Washington, D.C., partner Rob McCann was quoted in the Health Law Reporter on the U.S. Supreme Court’s decision in FTC v. Phoebe Putney Health System Inc.

The court ruled that the acquisition of Palmyra Park Hospital in Albany, Ga., by Phoebe Putney Health System (PPHS) was not immune from antitrust scrutiny under the state action doctrine. The high court found the doctrine did not apply because the Georgia Legislature did not “clearly articulate and affirmatively express a public policy to displace competition” for hospital services when it adopted a law giving county hospital authorities the power to acquire area hospitals.

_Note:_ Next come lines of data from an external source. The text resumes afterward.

theorem mainTheorem3:
  fixes V :: "'v set" and par :: "'v \<Rightarrow> 'v option" and r :: 'v
    and lf :: "'n::finite \<Rightarrow> 'v"
    and PX :: "(real ^ 'n) measure" and m :: "real ^ 'n \<Rightarrow> real"
    and M :: "'w measure"
    and dh :: "nat \<Rightarrow> 'w \<Rightarrow> 'n \<Rightarrow> real ^ 'n \<Rightarrow> real"
    and a1 a2 b C :: real
  assumes tree: "rooted_tree V par r"
    and leaves: "bij_betw lf UNIV (tree_leaves V par)"
    and PX: "prob_space PX" "sets PX = sets borel"
    and diff: "\<And>x. m differentiable (at x)"
    and dm_L2: "\<And>j. sq_int PX (pderiv_j m j)"
    and M: "prob_space M"
    and dh_L2: "\<And>n j \<omega>. \<omega> \<in> space M \<Longrightarrow> sq_int PX (dh n \<omega> j)"
    and meas1: "\<And>n j k. (\<lambda>\<omega>. L2sq PX (\<lambda>x. dh n \<omega> j x - dh n \<omega> k x)) \<in> borel_measurable M"
    and meas2: "\<And>n j. (\<lambda>\<omega>. L2sq PX (dh n \<omega> j)) \<in> borel_measurable M"
    and meas3: "\<And>n j. (\<lambda>\<omega>. L2sq PX (\<lambda>x. dh n \<omega> j x - pderiv_j m j x)) \<in> borel_measurable M"
    and a1: "a1 > 0" and C: "C > 0"
    and rate: "(\<lambda>n. measure M {\<omega> \<in> space M.
                 (\<forall>j. L2sq PX (\<lambda>x. dh n \<omega> j x - pderiv_j m j x) \<le> C * real n powr (- a1))})
               \<longlonglongrightarrow> 1"
    and a2: "a2 > 0" and b: "b > 0"
  shows
    "(\<forall>v\<in>V - Istar V par lf PX (pderiv_j m).
        \<exists>c>0. (\<lambda>n. measure M {\<omega> \<in> space M.
                  what V par lf PX a2 b n (dh n \<omega>) v \<ge> ereal (c * real n powr (min a1 a2 * b))})
              \<longlonglongrightarrow> 1)
     \<and> (\<forall>v\<in>Istar V par lf PX (pderiv_j m).
        \<forall>\<epsilon>>0. \<exists>K N. \<forall>n\<ge>N. measure M {\<omega> \<in> space M.
                  what V par lf PX a2 b n (dh n \<omega>) v \<le> ereal (K * (1 + real n powr ((a2 - a1) * b)))}
                \<ge> 1 - \<epsilon>)"
proof -
  have what_meas: "(\<lambda>\<omega>. what V par lf PX a2 b n (dh n \<omega>) v) \<in> borel_measurable M" for n v
    by (rule measurable_what[OF meas1 meas2])
  have prob_tendsto_1: "(\<lambda>n. measure M {\<omega> \<in> space M. Q n (dh n \<omega>)}) \<longlonglongrightarrow> 1"
    if "\<forall>\<^sub>F n in sequentially. \<forall>f. L2_close PX (C * real n powr - a1) f (pderiv_j m) \<longrightarrow> Q n f"
      and "\<And>n. {\<omega> \<in> space M. Q n (dh n \<omega>)} \<in> sets M" for Q
    by (rule prob_tendsto_1_if_L2_close[OF M rate]) (use dh_L2 dm_L2 that in auto)
  show ?thesis
  proof (intro conjI ballI allI impI)
    fix v
    assume "v \<in> V - Istar V par lf PX (pderiv_j m)"
    from what_lower_outside_Istar[OF this dm_L2 a1 b C, of a2]
    obtain c where "0 < c" and ev: "\<forall>\<^sub>F n in sequentially. \<forall>f.
        L2_close PX (C * real n powr - a1) f (pderiv_j m) \<longrightarrow>
        ereal (c * real n powr (min a1 a2 * b)) \<le> what V par lf PX a2 b n f v"
      by blast
    have "(\<lambda>n. measure M {\<omega> \<in> space M.
            what V par lf PX a2 b n (dh n \<omega>) v \<ge> ereal (c * real n powr (min a1 a2 * b))}) \<longlonglongrightarrow> 1"
      using what_meas by (intro prob_tendsto_1[OF ev]) measurable
    with \<open>0 < c\<close> show "\<exists>c>0. (\<lambda>n. measure M {\<omega> \<in> space M.
              what V par lf PX a2 b n (dh n \<omega>) v \<ge> ereal (c * real n powr (min a1 a2 * b))}) \<longlonglongrightarrow> 1"
      by blast
  next
    fix v and \<epsilon> :: real
    assume "v \<in> Istar V par lf PX (pderiv_j m)" and "0 < \<epsilon>"
    from what_upper_in_Istar[OF this(1) a1 less_imp_le[OF b] C, of a2]
    obtain K where ev: "\<forall>\<^sub>F n in sequentially. \<forall>f.
        L2_close PX (C * real n powr - a1) f (pderiv_j m) \<longrightarrow>
        what V par lf PX a2 b n f v \<le> ereal (K * (1 + real n powr ((a2 - a1) * b)))"
      by blast
    have "(\<lambda>n. measure M {\<omega> \<in> space M.
            what V par lf PX a2 b n (dh n \<omega>) v \<le> ereal (K * (1 + real n powr ((a2 - a1) * b)))}) \<longlonglongrightarrow> 1"
      using what_meas by (intro prob_tendsto_1[OF ev]) measurable
    then have "\<forall>\<^sub>F n in sequentially. 1 - \<epsilon> < measure M {\<omega> \<in> space M.
            what V par lf PX a2 b n (dh n \<omega>) v \<le> ereal (K * (1 + real n powr ((a2 - a1) * b)))}"
      using \<open>0 < \<epsilon>\<close> by (intro order_tendstoD(1)) auto
    then show "\<exists>K N. \<forall>n\<ge>N. measure M {\<omega> \<in> space M.
            what V par lf PX a2 b n (dh n \<omega>) v \<le> ereal (K * (1 + real n powr ((a2 - a1) * b)))} \<ge> 1 - \<epsilon>"
      unfolding eventually_sequentially by (meson less_imp_le)
  qed
qed

end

Rob commented that the ruling, although not unexpected, is a significant victory for the FTC. “I think there has always been a concern at the FTC with the possibility that hospitals would find ways to use the state action doctrine to end-run the Clayton Act—as was the perception with ‘certificate of public convenience' laws,” he said.

“However, I don't think the Supreme Court's result is at all that surprising given the disfavor into which the state action doctrine has fallen,” he added. “I was always surprised that the 11th Circuit had come down in favor of the state action argument in this case because the Eleventh Circuit rejected a virtually identical argument in FTC v University Health Inc., 938 F.2d 1206 (11th Cir. 1991), over 20 years ago.”

The high court’s decision is particularly noteworthy for its unanimity.